Pratley ‘s colleague Nikki McAllen, KPMG partner in charge of their Global Finance Transformation Centre of Excellence, says there are still too many accountants being employed in finance functions and not enough commercial analysts and data scientists.

“Getting ready for 2.0 and having that it down to a ‘T’ will mean that they’re going to be well placed from a digital strategy perspective to cope with the disruption of 3.0,” she says.

Organisations need to develop their digital strategy and link data through their front, middle and back offices and from their customers and suppliers so all of those functions work harmoniously together.

“If you cast your mind forward to where Web3.0 could go, we could be eliminating a significant portion of some of that traditional finance activity and moving the dial around what is expected of a finance team away from a lot of that value protection work – which you could argue would be largely automated and eliminated – and more towards insights creation and business-steering decisions,”

Steve Pratley, KPMG Partner

The Big Four accounting firms are dipping their toes in the crypto pond.

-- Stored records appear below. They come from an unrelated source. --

(* Let $\Sigma=(X,\mathcal{S},\phi)$ be a forward complete dynamical system. Let $t_1>0$, $G_0>0$, and let $\beta$ be a function of class $\mathcal{K}_\infty$ such that $\limsup_{r\downarrow 0}\frac{\beta(r)}{r}<+\infty$ and $$\|\phi(t,x,\sigma)\|\le G_0\,\beta(\|x\|)\quad \text{for all } t\in[0,t_1],\ x\in X,\ \sigma\in\mathcal{S}.$$ Then: (i) If there exist $R>0$, a functional $V:B_X(0,R)\to\mathbb{R}_+$ and $p,c>0$ such that for every $x\in B_X(0,R)$ and $\sigma\in\mathcal{S}$, $$V(x)\le c\|x\|^p,\qquad \underline{D}_\sigma V(x)\le -\|x\|^p,$$ and such that, for every $x\in B_X(0,R)$ and $\sigma\in\mathcal{S}$, the map $t\mapsto V(\phi(t,x,\sigma))$ is continuous from the left at every $t>0$ such that $\phi(t,x,\sigma)\in B_X(0,R)$, then $\Sigma$ is ULES. (ii) If for every $R>0$ there exist $V_R:B_X(0,R)\to\mathbb{R}_+$, $p_R>0$, $c_R>0$ satisfying all the hypotheses of (i) with $V=V_R$, $p=p_R$, $c=c_R$, and moreover $$\limsup_{R\to+\infty}\beta^{-1}\!\left(\frac{R}{G_0}\right)\min\left\{1,\left(\frac{t_1}{c_R}\right)^{1/p_R}\right\}=+\infty,$$ then $\Sigma$ is USGES. (iii) If $\beta$ is the identity function and there exist $p,c>0$ and a functional $V:X\to\mathbb{R}_+$ such that for every $x\in X$ and $\sigma\in\mathcal{S}$ the map $t\mapsto V(\phi(t,x,\sigma))$ is continuous from the left, $V(x)\le c\|x\|^p$ and $\underline{D}_\sigma V(x)\le-\|x\|^p$, then $\Sigma$ is UGES.
   Context: $(X,\|\cdot\|)$ is a Banach space and $B_X(x,r)$ is the closed ball of center $x$ and radius $r$. A function $\alpha:\mathbb{R}_+\to\mathbb{R}_+$ is of class $\mathcal{K}_\infty$ if it is continuous, increasing, unbounded and $\alpha(0)=0$. Let $\mathcal{Q}$ be a nonempty set and $\mathcal{S}$ a set of functions $\sigma:\mathbb{R}_+\to\mathcal{Q}$ closed by time-shift (for $\sigma\in\mathcal{S}$, $\tau\ge0$, $\mathbb{T}_\tau\sigma:s\mapsto\sigma(\tau+s)$ is in $\mathcal{S}$) and by concatenation (for $\sigma_1,\sigma_2\in\mathcal{S}$, $\tau>0$, the function equal to $\sigma_1$ on $[0,\tau]$ and with $\sigma(\tau+t)=\sigma_2(t)$ for $t>0$ is in $\mathcal{S}$). A triple $\Sigma=(X,\mathcal{S},\phi)$ with $\phi:\mathbb{R}_+\times X\times\mathcal{S}\to X$ is a forward complete dynamical system if: $\phi(0,x,\sigma)=x$; $\phi(t,x,\tilde\sigma)=\phi(t,x,\sigma)$ whenever $\tilde\sigma=\sigma$ on $[0,t]$; $t\mapsto\phi(t,x,\sigma)$ is continuous; $\phi(\tau,\phi(t,x,\sigma),\mathbb{T}_t\sigma)=\phi(t+\tau,x,\sigma)$ for all $t,\tau\ge0$. The lower Dini derivative of $V$ along $\Sigma$ is $\underline{D}_\sigma V(x)=\liminf_{h\downarrow0}\frac1h\big(V(\phi(h,x,\sigma))-V(x)\big)$. $\Sigma$ is ULES if there exist $R,M,\lambda>0$ with $\|\phi(t,x,\sigma)\|\le Me^{-\lambda t}\|x\|$ for all $t\ge0$, $x\in B_X(0,R)$, $\sigma\in\mathcal{S}$; USGES if for every $r>0$ there exist $M(r),\lambda(r)>0$ with $\|\phi(t,x,\sigma)\|\le M(r)e^{-\lambda(r)t}\|x\|$ for all $t\ge0$, $x\in B_X(0,r)$, $\sigma\in\mathcal{S}$; UGES if there exist $M,\lambda>0$ with $\|\phi(t,x,\sigma)\|\le Me^{-\lambda t}\|x\|$ for all $t\ge0$, $x\in X$, $\sigma\in\mathcal{S}$. *)

theory Defs
  imports "HOL-Analysis.Analysis"
begin

text \<open>Signals are functions real \<Rightarrow> 'q; only their values on [0,\<infinity>) matter.\<close>

definition shift_closed :: "(real \<Rightarrow> 'q) set \<Rightarrow> bool" where
  "shift_closed S \<longleftrightarrow> (\<forall>\<sigma>\<in>S. \<forall>\<tau>\<ge>0. (\<lambda>s. \<sigma> (\<tau> + s)) \<in> S)"

definition concat_closed :: "(real \<Rightarrow> 'q) set \<Rightarrow> bool" where
  "concat_closed S \<longleftrightarrow> (\<forall>\<sigma>1\<in>S. \<forall>\<sigma>2\<in>S. \<forall>\<tau>>0.
      (\<lambda>t. if t \<le> \<tau> then \<sigma>1 t else \<sigma>2 (t - \<tau>)) \<in> S)"

definition forward_complete_ds ::
  "(real \<Rightarrow> 'q) set \<Rightarrow> (real \<Rightarrow> 'x::real_normed_vector \<Rightarrow> (real \<Rightarrow> 'q) \<Rightarrow> 'x) \<Rightarrow> bool" where
  "forward_complete_ds S \<phi> \<longleftrightarrow>
     shift_closed S \<and> concat_closed S \<and>
     (\<forall>x. \<forall>\<sigma>\<in>S. \<phi> 0 x \<sigma> = x) \<and>
     (\<forall>x. \<forall>\<sigma>\<in>S. \<forall>\<sigma>'\<in>S. \<forall>t\<ge>0. (\<forall>s\<in>{0..t}. \<sigma>' s = \<sigma> s) \<longrightarrow> \<phi> t x \<sigma>' = \<phi> t x \<sigma>) \<and>
     (\<forall>x. \<forall>\<sigma>\<in>S. continuous_on {0..} (\<lambda>t. \<phi> t x \<sigma>)) \<and>
     (\<forall>x. \<forall>\<sigma>\<in>S. \<forall>t\<ge>0. \<forall>\<tau>\<ge>0. \<phi> \<tau> (\<phi> t x \<sigma>) (\<lambda>s. \<sigma> (t + s)) = \<phi> (t + \<tau>) x \<sigma>)"

definition class_K_inf :: "(real \<Rightarrow> real) \<Rightarrow> bool" where
  "class_K_inf \<alpha> \<longleftrightarrow> continuous_on {0..} \<alpha> \<and> strict_mono_on {0..} \<alpha> \<and>
     \<alpha> 0 = 0 \<and> (\<forall>M. \<exists>r\<ge>0. \<alpha> r > M)"

definition lower_dini ::
  "('x \<Rightarrow> real) \<Rightarrow> (real \<Rightarrow> 'x \<Rightarrow> 's \<Rightarrow> 'x) \<Rightarrow> 's \<Rightarrow> 'x \<Rightarrow> ereal" where
  "lower_dini V \<phi> \<sigma> x = Liminf (at_right 0) (\<lambda>h. ereal ((V (\<phi> h x \<sigma>) - V x) / h))"

definition ULES :: "(real \<Rightarrow> 'q) set \<Rightarrow> (real \<Rightarrow> 'x::real_normed_vector \<Rightarrow> (real \<Rightarrow> 'q) \<Rightarrow> 'x) \<Rightarrow> bool" where
  "ULES S \<phi> \<longleftrightarrow> (\<exists>R>0. \<exists>M>0. \<exists>lam>0. \<forall>t\<ge>0. \<forall>x\<in>cball 0 R. \<forall>\<sigma>\<in>S.
      norm (\<phi> t x \<sigma>) \<le> M * exp (- lam * t) * norm x)"

definition USGES :: "(real \<Rightarrow> 'q) set \<Rightarrow> (real \<Rightarrow> 'x::real_normed_vector \<Rightarrow> (real \<Rightarrow> 'q) \<Rightarrow> 'x) \<Rightarrow> bool" where
  "USGES S \<phi> \<longleftrightarrow> (\<forall>r>0. \<exists>M>0. \<exists>lam>0. \<forall>t\<ge>0. \<forall>x\<in>cball 0 r. \<forall>\<sigma>\<in>S.
      norm (\<phi> t x \<sigma>) \<le> M * exp (- lam * t) * norm x)"

definition UGES :: "(real \<Rightarrow> 'q) set \<Rightarrow> (real \<Rightarrow> 'x::real_normed_vector \<Rightarrow> (real \<Rightarrow> 'q) \<Rightarrow> 'x) \<Rightarrow> bool" where
  "UGES S \<phi> \<longleftrightarrow> (\<exists>M>0. \<exists>lam>0. \<forall>t\<ge>0. \<forall>x. \<forall>\<sigma>\<in>S.
      norm (\<phi> t x \<sigma>) \<le> M * exp (- lam * t) * norm x)"

text \<open>Hypotheses of item (i): V is a functional on the closed ball B_X(0,R) (its values
  outside the ball are irrelevant except through the Dini derivative at boundary points).\<close>
definition local_lyap ::
  "(real \<Rightarrow> 'q) set \<Rightarrow> (real \<Rightarrow> 'x::real_normed_vector \<Rightarrow> (real \<Rightarrow> 'q) \<Rightarrow> 'x) \<Rightarrow>
   real \<Rightarrow> ('x \<Rightarrow> real) \<Rightarrow> real \<Rightarrow> real \<Rightarrow> bool" where
  "local_lyap S \<phi> R V p c \<longleftrightarrow>
     (\<forall>x\<in>cball 0 R. V x \<ge> 0 \<and> V x \<le> c * norm x powr p \<and>
        (\<forall>\<sigma>\<in>S. lower_dini V \<phi> \<sigma> x \<le> ereal (- (norm x powr p)) \<and>
           (\<forall>t>0. \<phi> t x \<sigma> \<in> cball 0 R \<longrightarrow> continuous (at_left t) (\<lambda>s. V (\<phi> s x \<sigma>)))))"

end

theory Submission
  imports Defs
begin

text \<open>Along a trajectory that stays in the ball where \<open>V\<close> is defined, the Dini condition and
  left continuity make \<open>t \<mapsto> V(\<phi>(t)) + t \<cdot> min |\<phi>|\<^sup>p\<close> nonincreasing, so on every time window of
  length \<open>T\<close> some state satisfies \<open>T |\<phi>(s)|\<^sup>p \<le> V\<close>. Combined with the overshoot bound on windows
  of length \<open>t1\<close>, this keeps trajectories from a small enough ball inside the domain of \<open>V\<close>
  forever. Since \<open>V \<le> c |x|\<^sup>p\<close>, \<open>V\<close> then at least halves on every window of length \<open>c\<close>, so it
  decays exponentially, and so does \<open>|\<phi>|\<^sup>p\<close> thanks to the linear bound on \<open>\<beta>\<close> near \<open>0\<close>. The three
  items only differ in how the initial radius is matched to the domain of \<open>V\<close>.\<close>

lemma right_descent_imp_le:
  fixes k :: "real \<Rightarrow> real"
  assumes ab: "a \<le> b"
    and descent: "\<And>u. a \<le> u \<Longrightarrow> u < b \<Longrightarrow> \<exists>h>0. u + h \<le> b \<and> k (u + h) < k u"
    and cont: "\<And>u. a < u \<Longrightarrow> u \<le> b \<Longrightarrow> continuous (at_left u) k"
  shows "k b \<le> k a"
proof -
  define T where "T = {u\<in>{a..b}. k u \<le> k a}"
  define s where "s = Sup T"
  have aT: "a \<in> T" using ab by (auto simp: T_def)
  have bdd: "bdd_above T" by (auto simp: T_def bdd_above_def)
  have as: "a \<le> s" unfolding s_def using aT bdd by (rule cSup_upper)
  have sb: "s \<le> b" unfolding s_def using aT by (intro cSup_least) (auto simp: T_def)
  have sT: "s \<in> T"
  proof (rule ccontr)
    assume nT: "s \<notin> T"
    have sa: "a < s" using nT aT as by (cases "a = s") auto
    have ks: "k a < k s" using nT as sb by (auto simp: T_def)
    have "(k \<longlongrightarrow> k s) (at_left s)" using cont[OF sa sb] by (simp add: continuous_within)
    then have "eventually (\<lambda>u. k a < k u) (at_left s)" using ks by (rule order_tendstoD(1))
    then obtain b' where b': "b' < s" "\<And>y. b' < y \<Longrightarrow> y < s \<Longrightarrow> k a < k y"
      using sa by (auto simp: eventually_at_left)
    obtain t where t: "t \<in> T" "max b' a < t"
      using less_cSup_iff[of T "max b' a"] aT bdd b' sa unfolding s_def by auto
    have "t \<le> s" unfolding s_def using t(1) bdd by (rule cSup_upper)
    with t b' nT have "k a < k t" by (cases "t = s") auto
    with t show False by (auto simp: T_def)
  qed
  have "s = b"
  proof (rule ccontr)
    assume "s \<noteq> b"
    then obtain h where h: "h > 0" "s + h \<le> b" "k (s + h) < k s"
      using descent[OF as] sb by fastforce
    with sT as have "s + h \<in> T" by (auto simp: T_def)
    then have "s + h \<le> s" unfolding s_def using bdd by (rule cSup_upper)
    with h show False by simp
  qed
  with sT show ?thesis by (simp add: T_def)
qed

In February, KPMG Canada made an allocation of cryptoassets including Bitcoin and Ethereum, to its corporate treasury, the firm’s first direct investment in cryptoassets. The investment is a reflection of the firm’s belief that institutional adoption of cryptoassets and blockchain technology will continue to grow and become a regular part of the asset mix.

One view of Web3.0 is that it will decentralise the internet and users won’t have to rely on social media companies and financial institutions to interact and transact. They will also own and control their data instead of ceding it to tech companies.

Nick Abrahams, global co-leader, digital transformation practice at law firm Norton Rose Fulbright, says that is probably a “techno utopian view”, but agrees it will rely on blockchain, which will allow the ownership of digital assets and make for a much more immersive three-dimensional experience of the web.

“We’ve introduced this new asset class we’ve never had before. A company normally had equity or it had cash. And now it’s got tokens, so we have to figure out how to value those,” he says.

Companies are starting to issue non-fungible tokens, or NFTs – a digital asset which confers a right to do something. Many tokens are confined to marketing efforts, but they are starting to be used more widely. Treasury Wine Estates last year created a token that gives the owner the right to a bottle from a barrel of the rare and prized wine, Penfolds Magill Cellar 3, vintage 2021.

In the US Starbucks, Home Depot, Whole Foods and AT&T are all accepting crypto payments and Abrahams says this raises the question of how companies manage that and how they manage the customers’ gains or losses when they transact with their cryptocurrencies.

Abrahams cites figures that already there are US$2 trillion worthy of cryptocurrencies and 41 billion NFTs.

“Either you say that that all goes to zero in five years or you say that digital assets are a thing,” Abrahams says. “In which case if they’re a thing, you probably need to think about how engaged you become with it. Because the problem with digital assets and Web3 is it’s far more complicated than the original internet as a composition.

“You won’t be able to read up on it overnight.”

Web3.0 is likely to increase the number of peer-to-peer transactions using cryptocurrencies without intermediaries because of its reliance of blockchain technology and its immutable records of transactions. Finance functions need to think through the implications and risks of this, says Linda Nitschke, partner – corporate and finance function transformation at PwC.

“It’s really thinking through at a very practical level what that means for the CFO,” she says.

CFOs will need to start considering what holding cryptocurrencies would mean for the balance sheet and the accounting standards which apply. What will it mean for the accounting and treasury functions and how will it change financial statements?

“It’s going through the people aspect, the process aspect, the performance aspect, the technology aspect of your finance function. Where on the maturity curve is that up to and do you need to accelerate things quickly so you’re prepared for, potentially, the implications of Web3.0,” she says.